Aug10
Essential Tips for Rebuilding your Credit after a Bankruptcy
Make no doubt about it, bankruptcy will destroy your chances of getting any type of credit for quite a few years. However, after your bankruptcy is discharged it is time to begin rebuilding and reestablishing your credit.
There are certain things you should do and certain things you shouldn’t do, however, when it comes to making the right moves regarding your credit:
- As soon as your bankruptcy is discharged, apply for at least two credit cards. It is important to understand that you will likely qualify for traditional, unsecured credit, so you may have to first start with a couple secured credit cards. Secured credit cards, while they act the same regarding the rebuilding of your credit, are different because they require a cash deposit equal to your credit limit. Just like a typical credit card, you will be expected to pay the bill each month; if you fail to do this, the credit card company can then use your cash deposit to pay the bill and close your account. Your payment history with your secured credit cards will be vital when it comes to reestablishing your credit, so take these seriously.
- After about 12 to 18 months of making regular payments on your secured credit cards you can then attempt to apply for an unsecured credit card. At this time, you will have likely established a good credit history using your secured credit cards. Avoid opening too many new credit card accounts at once, though, as this could lower your credit score.

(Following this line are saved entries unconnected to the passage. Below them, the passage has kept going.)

(* Let $m,n,t$ be positive integers, let $p\in\mathbb{R}[x_1,\dots,x_n]$ be a form of degree $t$, let $T_p\in\mathbb{R}^{n\times\cdots\times n}$ be its associated symmetric $t$-tensor, and let $A_1,\dots,A_n\in L(\mathbb{R}^m)$ be pairwise commuting contractions. Then $$\|p\|_{\mathrm{cb}}\ge\Big\|\sum_{i_1,\dots,i_t=1}^n(T_p)_{i_1,\dots,i_t}A_{i_1}\cdots A_{i_t}\Big\|.$$
   Context: A form is a homogeneous polynomial; for $p(x)=\sum_{|\alpha|=t}c_\alpha x^\alpha$, $(T_p)_{i_1,\dots,i_t}=c_{e_{i_1}+\dots+e_{i_t}}/\tau(i_1,\dots,i_t)$ where $\tau$ is the number of distinct permutations of $(i_1,\dots,i_t)$. For a $t$-tensor $T$, $\|T\|_{\mathrm{cb}}=\sup\|\sum_{i_1,\dots,i_t}T_{i_1,\dots,i_t}U_1(i_1)\cdots U_t(i_t)\|$ over all $k$ and $k\times k$ unitaries $U_j(i)$; equivalently (by the Russo–Dye theorem) over all $k\times k$ contractions. With $(T\circ\sigma)_{i_1,\dots,i_t}=T_{i_{\sigma(1)},\dots,i_{\sigma(t)}}$, $\|p\|_{\mathrm{cb}}=\inf\{\sum_{\sigma\in S_t}\|T^\sigma\|_{\mathrm{cb}}:T_p=\sum_{\sigma\in S_t}T^\sigma\circ\sigma\}$. A contraction is a linear map of operator norm at most $1$; $\|\cdot\|$ is the operator norm. *)

theory Defs
  imports "Jordan_Normal_Form.Matrix" "HOL-Combinatorics.Multiset_Permutations"
    "HOL-Combinatorics.Permutations" Complex_Main
begin

text \<open>Variables are indexed 0..n-1, tensor slots 0..t-1.
 A form of degree t in n variables is given by its coefficient function
 on monomials; the monomial x^alpha with alpha = e_(i_1)+...+e_(i_t) is
 encoded by the multiset of indices {i_1,...,i_t}.
 A t-tensor in R^(n x ... x n) is a function on index lists of length t
 with entries below n (values elsewhere are irrelevant).\<close>

definition is_form :: "nat \<Rightarrow> nat \<Rightarrow> (nat multiset \<Rightarrow> real) \<Rightarrow> bool" where
  "is_form n t c \<longleftrightarrow> (\<forall>a. c a \<noteq> 0 \<longrightarrow> size a = t \<and> set_mset a \<subseteq> {..<n})"

definition index_tuples :: "nat \<Rightarrow> nat \<Rightarrow> nat list set" where
  "index_tuples n t = {is. length is = t \<and> set is \<subseteq> {..<n}}"

definition tau :: "nat list \<Rightarrow> nat" where
  "tau is = card (permutations_of_multiset (mset is))"

definition form_tensor :: "(nat multiset \<Rightarrow> real) \<Rightarrow> nat list \<Rightarrow> real" where
  "form_tensor c is = c (mset is) / real (tau is)"

definition vnorm :: "'a::real_normed_field vec \<Rightarrow> real" where
  "vnorm x = sqrt (\<Sum>i<dim_vec x. (norm (x $ i))\<^sup>2)"

definition opnorm :: "'a::real_normed_field mat \<Rightarrow> real" where
  "opnorm A = Sup {vnorm (mult_mat_vec A x) | x. x \<in> carrier_vec (dim_col A) \<and> vnorm x \<le> 1}"

definition contraction :: "'a::real_normed_field mat \<Rightarrow> bool" where
  "contraction A \<longleftrightarrow> opnorm A \<le> 1"

definition adjoint :: "complex mat \<Rightarrow> complex mat" where
  "adjoint U = mat (dim_col U) (dim_row U) (\<lambda>(i,j). cnj (U $$ (j,i)))"

definition unitary :: "nat \<Rightarrow> complex mat \<Rightarrow> bool" where
  "unitary k U \<longleftrightarrow> U \<in> carrier_mat k k \<and> U * adjoint U = 1\<^sub>m k \<and> adjoint U * U = 1\<^sub>m k"
lemma prob_sum_bernoulli_dev_le:
  fixes X :: "'i \<Rightarrow> 'a \<Rightarrow> real" and p :: "'i \<Rightarrow> real"
  assumes J: "finite J" and indep: "indep_vars (\<lambda>_. borel) X J"
    and vals: "\<And>j. j \<in> J \<Longrightarrow> AE \<omega> in M. X j \<omega> \<in> {0, 1}"
    and prob_one: "\<And>j. j \<in> J \<Longrightarrow> prob {\<omega> \<in> space M. X j \<omega> = 1} = p j"
    and l: "\<bar>l\<bar> \<le> 1"
  shows "prob {\<omega> \<in> space M. a \<le> l * ((\<Sum>j\<in>J. X j \<omega>) - (\<Sum>j\<in>J. p j))}
           \<le> exp ((\<Sum>j\<in>J. p j) * l\<^sup>2 - a)"
proof -
  define \<mu> where "\<mu> = (\<Sum>j\<in>J. p j)"
  have "0 \<le> \<mu>"
    unfolding \<mu>_def using prob_one by (intro sum_nonneg) (metis measure_nonneg)
  have "{\<omega> \<in> space M. a \<le> l * ((\<Sum>j\<in>J. X j \<omega>) - \<mu>)}
        = {\<omega> \<in> space M. exp (a + l * \<mu>) \<le> exp (l * (\<Sum>j\<in>J. X j \<omega>))}"
    by (auto simp: algebra_simps)
  also have "prob \<dots> \<le> expectation (\<lambda>\<omega>. exp (l * (\<Sum>j\<in>J. X j \<omega>))) / exp (a + l * \<mu>)"
    using integrable_exp_sum_bernoulli[OF J indep vals prob_one]
    by (intro integral_Markov_inequality_measure[where A="space M"]) auto
  also have "\<dots> \<le> exp (\<mu> * (exp l - 1)) / exp (a + l * \<mu>)"
    using expectation_exp_sum_bernoulli_le[OF J indep vals prob_one]
    unfolding \<mu>_def by (intro divide_right_mono) auto
  also have "\<dots> = exp (\<mu> * (exp l - 1 - l) - a)"
    by (simp add: exp_diff[symmetric] algebra_simps)
  also have "\<dots> \<le> exp (\<mu> * l\<^sup>2 - a)"
    using exp_le_1_plus_self_plus_sq[OF l] \<open>0 \<le> \<mu>\<close> by (simp add: mult_left_mono)
  finally show ?thesis unfolding \<mu>_def .
qed

lemma prob_sum_bernoulli_abs_dev_le:
  fixes X :: "'i \<Rightarrow> 'a \<Rightarrow> real" and p :: "'i \<Rightarrow> real"
  assumes J: "finite J" and indep: "indep_vars (\<lambda>_. borel) X J"
    and vals: "\<And>j. j \<in> J \<Longrightarrow> AE \<omega> in M. X j \<omega> \<in> {0, 1}"
    and prob_one: "\<And>j. j \<in> J \<Longrightarrow> prob {\<omega> \<in> space M. X j \<omega> = 1} = p j"
    and mean_le: "(\<Sum>j\<in>J. p j) \<le> A" and l: "0 \<le> l" "l \<le> 1"
  shows "prob {\<omega> \<in> space M. t \<le> \<bar>(\<Sum>j\<in>J. X j \<omega>) - (\<Sum>j\<in>J. p j)\<bar>} \<le> 2 * exp (A * l\<^sup>2 - l * t)"
proof -
  define D where "D \<omega> = (\<Sum>j\<in>J. X j \<omega>) - (\<Sum>j\<in>J. p j)" for \<omega>
  have [measurable]: "D \<in> borel_measurable M"
    using indep unfolding D_def indep_vars_def by (auto intro!: borel_measurable_diff borel_measurable_sum)
  have "l * t \<le> l * D \<omega> \<or> l * t \<le> - l * D \<omega>" if "t \<le> \<bar>D \<omega>\<bar>" for \<omega>
    using mult_left_mono[OF that l(1)] by (cases "0 \<le> D \<omega>") auto
  then have "{\<omega> \<in> space M. t \<le> \<bar>D \<omega>\<bar>}
        \<subseteq> {\<omega> \<in> space M. l * t \<le> l * D \<omega>} \<union> {\<omega> \<in> space M. l * t \<le> - l * D \<omega>}"
    by auto
  then have "prob {\<omega> \<in> space M. t \<le> \<bar>D \<omega>\<bar>}
             \<le> prob {\<omega> \<in> space M. l * t \<le> l * D \<omega>} + prob {\<omega> \<in> space M. l * t \<le> - l * D \<omega>}"
    by (intro order_trans[OF finite_measure_mono measure_Un_le]) auto
  also have "\<dots> \<le> exp ((\<Sum>j\<in>J. p j) * l\<^sup>2 - l * t) + exp ((\<Sum>j\<in>J. p j) * (- l)\<^sup>2 - l * t)"
    unfolding D_def using l by (intro add_mono prob_sum_bernoulli_dev_le[OF J indep vals prob_one]) auto
  also have "\<dots> \<le> 2 * exp (A * l\<^sup>2 - l * t)"
    using mean_le by (auto intro: mult_right_mono)
  finally show ?thesis unfolding D_def .
qed

end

- Avoid closing any credit card accounts, regardless of whether you spend on them or not, as a good portion of your credit score is made up of your available credit. The more credit accounts you have open, the higher your available credit.
- Make purchases on your credit cards each month, but also make a point to pay them off in full when the bill comes. Adopting this responsible habit will allow you to enjoy the benefits of good credit without becoming overwhelmed with credit card debt.